The National Association of Insurance Carriers (NAIC) has adopted a new life insurance valuation manual. LifeHealthpro has a good overview. It has not been implemented yet, not by a long shot. The process has similarities to amending the US constitution where a percentage of states have to ratify the changes, but in addition the state’s size matters. 42 states and 75% of written life premium in the United States are needed for it to be instituted. Since New York and California have objected, and their share of written premium is a sizable, the outcome of this is still in considerable doubt. What is revealing are some of those objections. From the LifeHealthpro (emphasis mine):
Critics said passing it would be a failure of state regulation, with New York’s Deputy Insurance Superintendent and General Counsel Robert H. Easton arguing that PBR will lead to lower reserves “in the aggregate” at a time when the economy is still fragile, when interest rates are low for the foreseeable future and, most interestingly, when Easton said some carriers are “facing stress” because of guarantees currently on their books. Easton did not elaborate on who those companies are and how stressed they may indeed be.
Critics and some concerned state regulators also raised the state resource issue for implementing and understanding the new models with all the training necessary, most explicitly described by California Insurance Commissioner Dave Jones.
“There is no fiscal analysis now. We have no idea what this will cost,” Jones said. “It requires a different skill set to look at these black boxes,” said Jones, who discussed all the unknown and known resources and expertise needed at the state level.

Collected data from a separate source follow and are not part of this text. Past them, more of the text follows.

(* Let $\left|\psi\right\rangle\in\mathbb{C}^{d_A}\otimes\mathbb{C}^{d_B}$ be a pure bipartite state and let $\rho_A=\mathrm{Tr}_B\left|\psi\right\rangle\left\langle\psi\right|$. Then $$E_{MB}(\left|\psi\right\rangle)=S(\rho_A)=-\mathrm{Tr}(\rho_A\log_2\rho_A),$$ i.e. the entanglement measurement bound of a bipartite pure state equals its entanglement entropy. Moreover, for every orthonormal basis $\{|c^k\rangle\}$ of $\mathbb{C}^{d_A}$, the Alice-outcome distribution $p_k=\langle c^k|\rho_A|c^k\rangle$ satisfies $-\sum_k p_k\log_2 p_k\ge S(\rho_A)$, with equality when $\{|c^k\rangle\}$ is an eigenbasis of $\rho_A$.
   Context: Entanglement measurement bound (EMB). Let $\left|\psi\right\rangle$ be a unit vector in $\mathcal{H}_1\otimes\cdots\otimes\mathcal{H}_N$, $\mathcal{H}_j=\mathbb{C}^{d_j}$. An adaptive local measurement scheme consists of: an ordering $\pi$ of the parties $\{1,\dots,N\}$; an orthonormal basis $\{|\phi^{(1)}_{i_1}\rangle\}_{i_1}$ of $\mathcal{H}_{\pi(1)}$; and, for each $k=2,\dots,N$ and each outcome history $(i_1,\dots,i_{k-1})$, an orthonormal basis $\{|\phi^{(k)}_{i_k|i_1\dots i_{k-1}}\rangle\}_{i_k}$ of $\mathcal{H}_{\pi(k)}$ (which may depend on the history). Its outcome distribution is $p_{i_1\dots i_N}=\big|\big(\langle\phi^{(1)}_{i_1}|\otimes\langle\phi^{(2)}_{i_2|i_1}|\otimes\cdots\otimes\langle\phi^{(N)}_{i_N|i_1\dots i_{N-1}}|\big)\left|\psi\right\rangle\big|^2$, where the $k$-th bra acts on the tensor factor of party $\pi(k)$. The EMB is $E_{MB}(\left|\psi\right\rangle)=\min H(\mathbf{p})$, where $H(\mathbf{p})=-\sum p_{i_1\dots i_N}\log_2 p_{i_1\dots i_N}$ is the Shannon entropy and the minimum is over all adaptive local measurement schemes (including all orderings of the parties). *)

theory Defs
  imports Complex_Main
begin

text \<open>A vector of C^d is a function nat => complex, only the
components with index < d are meaningful. A family of vectors indexed by k < d
is a function b :: nat => nat => complex, where b k is the k-th vector and
b k i its i-th component. A bipartite state psi in C^dA (x) C^dB is given by
its coefficient array psi x y (x < dA, y < dB).\<close>

definition onb :: "nat \<Rightarrow> (nat \<Rightarrow> nat \<Rightarrow> complex) \<Rightarrow> bool" where
  "onb d b \<longleftrightarrow> (\<forall>k<d. \<forall>l<d. (\<Sum>i<d. cnj (b k i) * b l i) = (if k = l then 1 else 0))"

definition eta :: "real \<Rightarrow> real" where
  "eta p = (if p = 0 then 0 else - p * log 2 p)"

text \<open>Outcome probability for measuring party A in basis a (outcome i) and then
party B in basis bs i (outcome j).\<close>
definition probAB :: "nat \<Rightarrow> nat \<Rightarrow> (nat \<Rightarrow> nat \<Rightarrow> complex) \<Rightarrow>
    (nat \<Rightarrow> nat \<Rightarrow> complex) \<Rightarrow> (nat \<Rightarrow> nat \<Rightarrow> nat \<Rightarrow> complex) \<Rightarrow> nat \<Rightarrow> nat \<Rightarrow> real" where
  "probAB dA dB psi a bs i j =
     (cmod (\<Sum>x<dA. \<Sum>y<dB. cnj (a i x) * cnj (bs i j y) * psi x y))\<^sup>2"

text \<open>Outcome probability for measuring party B first in basis b (outcome i) and then
party A in basis as i (outcome j).\<close>
definition probBA :: "nat \<Rightarrow> nat \<Rightarrow> (nat \<Rightarrow> nat \<Rightarrow> complex) \<Rightarrow>
    (nat \<Rightarrow> nat \<Rightarrow> complex) \<Rightarrow> (nat \<Rightarrow> nat \<Rightarrow> nat \<Rightarrow> complex) \<Rightarrow> nat \<Rightarrow> nat \<Rightarrow> real" where
  "probBA dA dB psi b as i j =
     (cmod (\<Sum>x<dA. \<Sum>y<dB. cnj (as i j x) * cnj (b i y) * psi x y))\<^sup>2"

From the Wall Street Journal:
Benjamin Lawsky, superintendent of the New York Department of Financial Services, had urged fellow regulators to vote no in a letter dispatched last week.
“The insurance industry weathered the financial crisis well precisely because of the careful reserving state regulators have historically required,” Mr. Lawsky said Sunday. “To ignore the lessons of the financial crisis and deregulate the industry, allowing them to keep less in reserves, is unwise.”
The jury as to the merits of the change is still out in my mind. To be objective requires an in depth evaluation of the proponents reasoning for the change as well as the validity of the objections, but I tend to be skeptical given what happened to AIG and the causes of The Great Recession.